→ **Try it**: With both ends included, repeat exactly the lines of the entries below from the one containing "t) \<le> C1" down to the one containing "(\<exists>C1 C2. C1", and no others.

Dataset entries
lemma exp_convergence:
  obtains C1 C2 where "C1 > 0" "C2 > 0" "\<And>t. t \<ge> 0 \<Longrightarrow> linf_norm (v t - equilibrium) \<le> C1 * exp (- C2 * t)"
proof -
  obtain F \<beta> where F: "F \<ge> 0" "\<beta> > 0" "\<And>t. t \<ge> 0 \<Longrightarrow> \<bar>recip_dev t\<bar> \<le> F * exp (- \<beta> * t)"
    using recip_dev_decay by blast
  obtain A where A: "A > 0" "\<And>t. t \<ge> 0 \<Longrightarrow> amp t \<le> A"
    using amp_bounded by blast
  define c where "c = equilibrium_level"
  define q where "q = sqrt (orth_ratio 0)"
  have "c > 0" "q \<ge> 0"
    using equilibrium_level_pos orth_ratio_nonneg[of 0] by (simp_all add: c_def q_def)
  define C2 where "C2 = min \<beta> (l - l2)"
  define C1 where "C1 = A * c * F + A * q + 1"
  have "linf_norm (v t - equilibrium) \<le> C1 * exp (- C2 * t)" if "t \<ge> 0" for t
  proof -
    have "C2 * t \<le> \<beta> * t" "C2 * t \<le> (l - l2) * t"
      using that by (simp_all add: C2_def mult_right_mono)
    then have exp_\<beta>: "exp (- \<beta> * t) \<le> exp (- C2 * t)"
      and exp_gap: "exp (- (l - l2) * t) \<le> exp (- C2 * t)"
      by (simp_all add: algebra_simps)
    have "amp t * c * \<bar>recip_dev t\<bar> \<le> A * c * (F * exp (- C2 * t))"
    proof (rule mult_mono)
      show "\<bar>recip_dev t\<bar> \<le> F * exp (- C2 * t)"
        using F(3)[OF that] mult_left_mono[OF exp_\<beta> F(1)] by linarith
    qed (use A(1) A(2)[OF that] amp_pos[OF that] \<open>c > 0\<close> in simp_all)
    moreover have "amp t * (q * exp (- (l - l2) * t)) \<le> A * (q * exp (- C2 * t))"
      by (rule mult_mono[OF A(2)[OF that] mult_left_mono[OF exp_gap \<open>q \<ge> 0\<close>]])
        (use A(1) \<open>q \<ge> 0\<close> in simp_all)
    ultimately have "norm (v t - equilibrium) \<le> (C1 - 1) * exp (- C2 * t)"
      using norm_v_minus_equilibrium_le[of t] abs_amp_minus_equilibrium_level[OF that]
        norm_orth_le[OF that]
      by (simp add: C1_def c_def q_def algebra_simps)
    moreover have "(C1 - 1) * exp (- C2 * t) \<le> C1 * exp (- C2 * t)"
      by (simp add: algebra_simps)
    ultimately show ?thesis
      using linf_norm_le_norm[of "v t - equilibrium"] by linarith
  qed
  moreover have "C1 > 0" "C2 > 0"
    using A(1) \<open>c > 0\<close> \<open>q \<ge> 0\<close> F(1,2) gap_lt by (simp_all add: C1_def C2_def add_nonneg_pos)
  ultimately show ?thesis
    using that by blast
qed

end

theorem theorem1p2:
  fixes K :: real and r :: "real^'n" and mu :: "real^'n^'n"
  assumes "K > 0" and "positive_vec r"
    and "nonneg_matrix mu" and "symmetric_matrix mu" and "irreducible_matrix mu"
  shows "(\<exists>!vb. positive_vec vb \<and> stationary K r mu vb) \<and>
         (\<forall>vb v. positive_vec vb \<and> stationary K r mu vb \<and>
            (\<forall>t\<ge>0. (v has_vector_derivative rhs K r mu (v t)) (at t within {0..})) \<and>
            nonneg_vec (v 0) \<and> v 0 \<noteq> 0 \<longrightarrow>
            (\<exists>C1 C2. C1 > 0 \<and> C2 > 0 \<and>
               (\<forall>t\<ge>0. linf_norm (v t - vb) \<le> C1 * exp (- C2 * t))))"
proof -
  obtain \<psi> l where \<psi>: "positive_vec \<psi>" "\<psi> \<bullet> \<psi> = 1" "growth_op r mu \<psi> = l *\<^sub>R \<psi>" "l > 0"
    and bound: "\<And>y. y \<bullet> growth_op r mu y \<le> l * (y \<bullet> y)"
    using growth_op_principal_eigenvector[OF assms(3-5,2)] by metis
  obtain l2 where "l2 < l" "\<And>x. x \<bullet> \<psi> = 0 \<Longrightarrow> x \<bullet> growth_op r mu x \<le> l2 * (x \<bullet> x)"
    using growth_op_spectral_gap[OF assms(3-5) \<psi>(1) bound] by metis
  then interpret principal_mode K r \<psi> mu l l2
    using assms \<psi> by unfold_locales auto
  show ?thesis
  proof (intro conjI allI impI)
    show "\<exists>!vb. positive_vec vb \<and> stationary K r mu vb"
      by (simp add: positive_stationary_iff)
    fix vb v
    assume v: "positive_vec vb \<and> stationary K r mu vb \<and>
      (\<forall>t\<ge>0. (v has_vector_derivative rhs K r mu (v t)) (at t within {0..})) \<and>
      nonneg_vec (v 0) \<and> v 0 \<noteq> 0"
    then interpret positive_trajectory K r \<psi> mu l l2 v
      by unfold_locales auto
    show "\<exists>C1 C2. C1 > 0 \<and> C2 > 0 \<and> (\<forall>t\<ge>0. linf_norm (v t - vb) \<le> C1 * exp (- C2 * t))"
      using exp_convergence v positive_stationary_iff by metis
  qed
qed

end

* * *

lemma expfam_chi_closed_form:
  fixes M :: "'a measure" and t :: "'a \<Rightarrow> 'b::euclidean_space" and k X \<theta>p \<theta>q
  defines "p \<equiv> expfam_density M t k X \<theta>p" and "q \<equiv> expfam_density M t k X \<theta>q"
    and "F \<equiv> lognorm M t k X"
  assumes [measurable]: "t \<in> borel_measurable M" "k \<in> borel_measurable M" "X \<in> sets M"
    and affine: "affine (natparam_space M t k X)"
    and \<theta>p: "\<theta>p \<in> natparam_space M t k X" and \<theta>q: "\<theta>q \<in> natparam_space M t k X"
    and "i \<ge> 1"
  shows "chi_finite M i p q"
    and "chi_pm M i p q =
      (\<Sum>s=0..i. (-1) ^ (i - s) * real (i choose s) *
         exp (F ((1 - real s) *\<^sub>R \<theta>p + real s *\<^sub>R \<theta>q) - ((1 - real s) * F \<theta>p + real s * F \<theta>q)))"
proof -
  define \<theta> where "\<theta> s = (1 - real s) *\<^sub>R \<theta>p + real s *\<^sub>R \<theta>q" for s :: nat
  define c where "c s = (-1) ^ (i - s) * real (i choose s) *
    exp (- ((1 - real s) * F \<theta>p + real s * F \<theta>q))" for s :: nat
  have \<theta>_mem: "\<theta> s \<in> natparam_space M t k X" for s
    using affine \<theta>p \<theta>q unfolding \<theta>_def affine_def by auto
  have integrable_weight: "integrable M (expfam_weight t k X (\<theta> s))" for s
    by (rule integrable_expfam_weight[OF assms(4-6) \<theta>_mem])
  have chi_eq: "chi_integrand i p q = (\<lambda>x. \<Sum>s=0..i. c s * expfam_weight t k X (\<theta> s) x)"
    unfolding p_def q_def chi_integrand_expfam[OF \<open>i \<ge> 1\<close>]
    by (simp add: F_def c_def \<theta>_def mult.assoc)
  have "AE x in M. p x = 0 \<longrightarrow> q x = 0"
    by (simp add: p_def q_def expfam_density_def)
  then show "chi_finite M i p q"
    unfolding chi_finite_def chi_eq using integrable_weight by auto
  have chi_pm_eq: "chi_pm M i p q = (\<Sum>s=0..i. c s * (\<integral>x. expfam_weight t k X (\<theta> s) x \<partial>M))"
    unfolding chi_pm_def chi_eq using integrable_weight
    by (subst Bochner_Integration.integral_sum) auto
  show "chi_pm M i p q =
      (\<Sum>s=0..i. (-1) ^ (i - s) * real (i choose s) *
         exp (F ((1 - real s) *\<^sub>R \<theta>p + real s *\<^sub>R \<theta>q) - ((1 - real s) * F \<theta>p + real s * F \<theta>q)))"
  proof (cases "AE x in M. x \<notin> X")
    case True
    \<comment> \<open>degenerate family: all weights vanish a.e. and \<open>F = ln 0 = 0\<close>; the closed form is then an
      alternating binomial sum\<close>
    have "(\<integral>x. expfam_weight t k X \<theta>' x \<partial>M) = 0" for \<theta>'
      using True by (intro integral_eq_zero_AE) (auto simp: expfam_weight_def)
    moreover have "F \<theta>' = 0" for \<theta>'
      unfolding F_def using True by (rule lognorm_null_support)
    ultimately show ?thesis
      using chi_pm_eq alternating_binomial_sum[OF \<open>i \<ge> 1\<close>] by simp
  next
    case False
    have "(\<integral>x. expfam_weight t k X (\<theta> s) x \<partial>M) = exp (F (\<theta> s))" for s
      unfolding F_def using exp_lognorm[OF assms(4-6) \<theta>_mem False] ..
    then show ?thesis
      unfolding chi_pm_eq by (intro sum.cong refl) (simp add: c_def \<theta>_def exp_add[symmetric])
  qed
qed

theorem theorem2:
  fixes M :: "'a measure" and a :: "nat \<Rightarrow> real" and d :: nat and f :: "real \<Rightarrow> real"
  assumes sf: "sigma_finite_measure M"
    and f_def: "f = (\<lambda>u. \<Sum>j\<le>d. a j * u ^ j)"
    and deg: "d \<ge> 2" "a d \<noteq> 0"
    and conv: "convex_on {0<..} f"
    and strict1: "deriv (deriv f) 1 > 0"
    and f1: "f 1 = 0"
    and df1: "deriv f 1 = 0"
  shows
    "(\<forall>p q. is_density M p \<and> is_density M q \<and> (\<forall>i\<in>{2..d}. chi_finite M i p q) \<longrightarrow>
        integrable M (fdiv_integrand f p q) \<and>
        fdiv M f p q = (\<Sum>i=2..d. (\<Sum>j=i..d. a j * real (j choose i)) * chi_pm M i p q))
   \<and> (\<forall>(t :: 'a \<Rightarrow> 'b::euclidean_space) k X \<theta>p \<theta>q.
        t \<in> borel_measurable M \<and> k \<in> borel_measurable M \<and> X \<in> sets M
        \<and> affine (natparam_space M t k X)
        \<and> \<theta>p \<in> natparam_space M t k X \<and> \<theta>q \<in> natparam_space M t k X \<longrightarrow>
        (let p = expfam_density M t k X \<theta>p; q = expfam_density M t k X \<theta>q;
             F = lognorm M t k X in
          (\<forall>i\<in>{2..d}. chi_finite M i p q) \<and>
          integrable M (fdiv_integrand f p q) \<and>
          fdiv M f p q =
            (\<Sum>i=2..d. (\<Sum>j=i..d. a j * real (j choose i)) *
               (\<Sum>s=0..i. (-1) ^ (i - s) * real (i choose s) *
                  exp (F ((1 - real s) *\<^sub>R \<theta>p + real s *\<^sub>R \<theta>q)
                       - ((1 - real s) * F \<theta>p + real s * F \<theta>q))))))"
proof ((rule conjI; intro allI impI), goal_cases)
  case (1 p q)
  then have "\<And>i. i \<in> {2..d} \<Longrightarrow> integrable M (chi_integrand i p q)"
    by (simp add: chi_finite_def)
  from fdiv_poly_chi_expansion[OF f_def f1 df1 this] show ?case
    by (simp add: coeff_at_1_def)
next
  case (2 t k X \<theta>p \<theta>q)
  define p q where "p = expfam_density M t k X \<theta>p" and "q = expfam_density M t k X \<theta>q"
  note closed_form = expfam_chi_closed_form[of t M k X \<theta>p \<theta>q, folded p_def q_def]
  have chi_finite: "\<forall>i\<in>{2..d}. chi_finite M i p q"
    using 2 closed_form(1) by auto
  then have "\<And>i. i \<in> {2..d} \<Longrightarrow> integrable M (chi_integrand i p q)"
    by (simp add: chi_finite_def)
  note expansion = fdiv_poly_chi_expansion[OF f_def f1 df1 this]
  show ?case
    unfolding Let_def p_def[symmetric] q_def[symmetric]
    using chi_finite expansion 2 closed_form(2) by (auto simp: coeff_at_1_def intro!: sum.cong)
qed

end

→ **The completed task**:
    moreover have "(C1 - 1) * exp (- C2 * t) \<le> C1 * exp (- C2 * t)"
      by (simp add: algebra_simps)
    ultimately show ?thesis
      using linf_norm_le_norm[of "v t - equilibrium"] by linarith
  qed
  moreover have "C1 > 0" "C2 > 0"
    using A(1) \<open>c > 0\<close> \<open>q \<ge> 0\<close> F(1,2) gap_lt by (simp_all add: C1_def C2_def add_nonneg_pos)
  ultimately show ?thesis
    using that by blast
qed

end

theorem theorem1p2:
  fixes K :: real and r :: "real^'n" and mu :: "real^'n^'n"
  assumes "K > 0" and "positive_vec r"
    and "nonneg_matrix mu" and "symmetric_matrix mu" and "irreducible_matrix mu"
  shows "(\<exists>!vb. positive_vec vb \<and> stationary K r mu vb) \<and>
         (\<forall>vb v. positive_vec vb \<and> stationary K r mu vb \<and>
            (\<forall>t\<ge>0. (v has_vector_derivative rhs K r mu (v t)) (at t within {0..})) \<and>
            nonneg_vec (v 0) \<and> v 0 \<noteq> 0 \<longrightarrow>
            (\<exists>C1 C2. C1 > 0 \<and> C2 > 0 \<and>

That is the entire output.